Transcribe, without alteration, only the lines from the one containing "using at_b2 by" through the last line of the material, both ends included.
____________________
lemma walk_between:
  assumes "a < y" and "y < b" and "\<forall>k\<le>n. walk \<xi> y k \<noteq> a \<and> walk \<xi> y k \<noteq> b"
  shows "walk \<xi> y n \<in> {a<..<b}"
  using assms(3)
proof (induction n)
  case 0
  then show ?case using assms(1,2) by simp
next
  case (Suc n)
  then have "walk \<xi> y n \<in> {a<..<b}" and "walk \<xi> y (Suc n) \<noteq> a" "walk \<xi> y (Suc n) \<noteq> b"
    by auto
  then show ?case by (auto simp: walk_Suc)
qed

lemma hit_Pinf [simp]: "hit X Pinf = \<infinity>"
  and hit_Minf [simp]: "hit X Minf = \<infinity>"
  by (simp_all add: hit_def)

lemma hit_Fin_eq_enat_iff: "hit X (Fin c) = enat n \<longleftrightarrow> X n = c \<and> (\<forall>k<n. X k \<noteq> c)"
proof
  assume hit: "hit X (Fin c) = enat n"
  then have ex: "\<exists>k. X k = c"
    by (auto simp: hit_def split: if_splits)
  then have least: "(LEAST k. X k = c) = n"
    using hit by (simp add: hit_def)
  show "X n = c \<and> (\<forall>k<n. X k \<noteq> c)"
    using LeastI_ex[OF ex] not_less_Least[where P = "\<lambda>k. X k = c"] unfolding least by blast
next
  assume "X n = c \<and> (\<forall>k<n. X k \<noteq> c)"
  moreover from this have "(LEAST k. X k = c) = n"
    by (intro Least_equality) (auto simp flip: not_less)
  ultimately show "hit X (Fin c) = enat n"
    by (auto simp: hit_def)
qed

lemma hit_Fin_le_enat_iff: "hit X (Fin c) \<le> enat n \<longleftrightarrow> (\<exists>k\<le>n. X k = c)"
proof
  assume "hit X (Fin c) \<le> enat n"
  then obtain m where "hit X (Fin c) = enat m" "m \<le> n"
    by (cases "hit X (Fin c)") auto
  then show "\<exists>k\<le>n. X k = c"
    by (auto simp: hit_Fin_eq_enat_iff)
next
  assume "\<exists>k\<le>n. X k = c"
  then obtain m where "m \<le> n" "X m = c" "\<forall>k<m. X k \<noteq> c"
    using ex_least_nat_le[of "\<lambda>k. X k = c"] by (metis order.trans)
  then show "hit X (Fin c) \<le> enat n"
    using hit_Fin_eq_enat_iff[of X c m] by simp
qed

lemma enat_le_hit_Fin_iff: "enat n \<le> hit X (Fin c) \<longleftrightarrow> (\<forall>k<n. X k \<noteq> c)"
proof (cases n)
  case (Suc m)
  have "enat n \<le> hit X (Fin c) \<longleftrightarrow> \<not> hit X (Fin c) \<le> enat m"
    by (simp add: Suc Suc_ile_eq not_le)
  then show ?thesis
    by (auto simp: Suc hit_Fin_le_enat_iff less_Suc_eq_le)
qed (simp add: zero_enat_def[symmetric])

lemma hit_walk_start: "hit (walk \<xi> y) (Fin y) = 0"
  using hit_Fin_eq_enat_iff[of "walk \<xi> y" y 0] by (simp add: zero_enat_def)

lemma hit_top_mono:
  assumes le: "coins_le \<xi>1 \<xi>2" and "x \<le> Fin y" and "y < b"
    and hit1_b: "hit (walk \<xi>1 y) (Fin b) = enat N" and hit1_x: "enat N \<le> hit (walk \<xi>1 y) x"
  shows "hit (walk \<xi>2 y) (Fin b) \<le> enat N \<and> hit (walk \<xi>2 y) (Fin b) \<le> hit (walk \<xi>2 y) x"
proof -
  have at_b: "walk \<xi>1 y N = b" and not_b: "\<forall>n<N. walk \<xi>1 y n \<noteq> b"
    using hit1_b by (auto simp: hit_Fin_eq_enat_iff)
  obtain a where "a < y" and not_a: "\<forall>n<N. walk \<xi>1 y n \<noteq> a" and x: "x = Minf \<or> x = Fin a"
  proof (cases x)
    case (Fin a)
    have "a \<noteq> y"
      using hit1_x at_b \<open>y < b\<close> hit_walk_start[of \<xi>1 y] Fin by (auto simp: zero_enat_def)
    then show ?thesis
      using that[of a] hit1_x \<open>x \<le> Fin y\<close> Fin by (simp add: enat_le_hit_Fin_iff)
  next
    case Minf
    have "\<forall>n<N. walk \<xi>1 y n \<noteq> y - int N - 1"
      using walk_dist_le[of \<xi>1 y] by (smt (verit) of_nat_less_iff)
    then show ?thesis using that[of "y - int N - 1"] Minf by simp
  qed (use \<open>x \<le> Fin y\<close> in simp)
  then have "\<forall>n<N. walk \<xi>1 y n \<in> {a<..<b}"
    using not_b \<open>y < b\<close> by (intro allI impI walk_between) auto
  then obtain m where "m \<le> N" and at_b2: "walk \<xi>2 y m = b"
    and inside: "\<forall>n<m. walk \<xi>2 y n \<in> {a<..<b}"
    using exit_top_mono[OF le \<open>a < y\<close> \<open>y < b\<close> at_b] by blast
  have "hit (walk \<xi>2 y) (Fin b) \<le> enat m"
    using at_b2 by (auto simp: hit_Fin_le_enat_iff)
  moreover have "enat m \<le> hit (walk \<xi>2 y) x"
    using x inside by (auto simp: enat_le_hit_Fin_iff)
  ultimately show ?thesis
    using \<open>m \<le> N\<close> by (meson enat_ord_simps(1) order_trans)
qed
____________________
▸ Answer for this exercise
    using at_b2 by (auto simp: hit_Fin_le_enat_iff)
  moreover have "enat m \<le> hit (walk \<xi>2 y) x"
    using x inside by (auto simp: enat_le_hit_Fin_iff)
  ultimately show ?thesis
    using \<open>m \<le> N\<close> by (meson enat_ord_simps(1) order_trans)
qed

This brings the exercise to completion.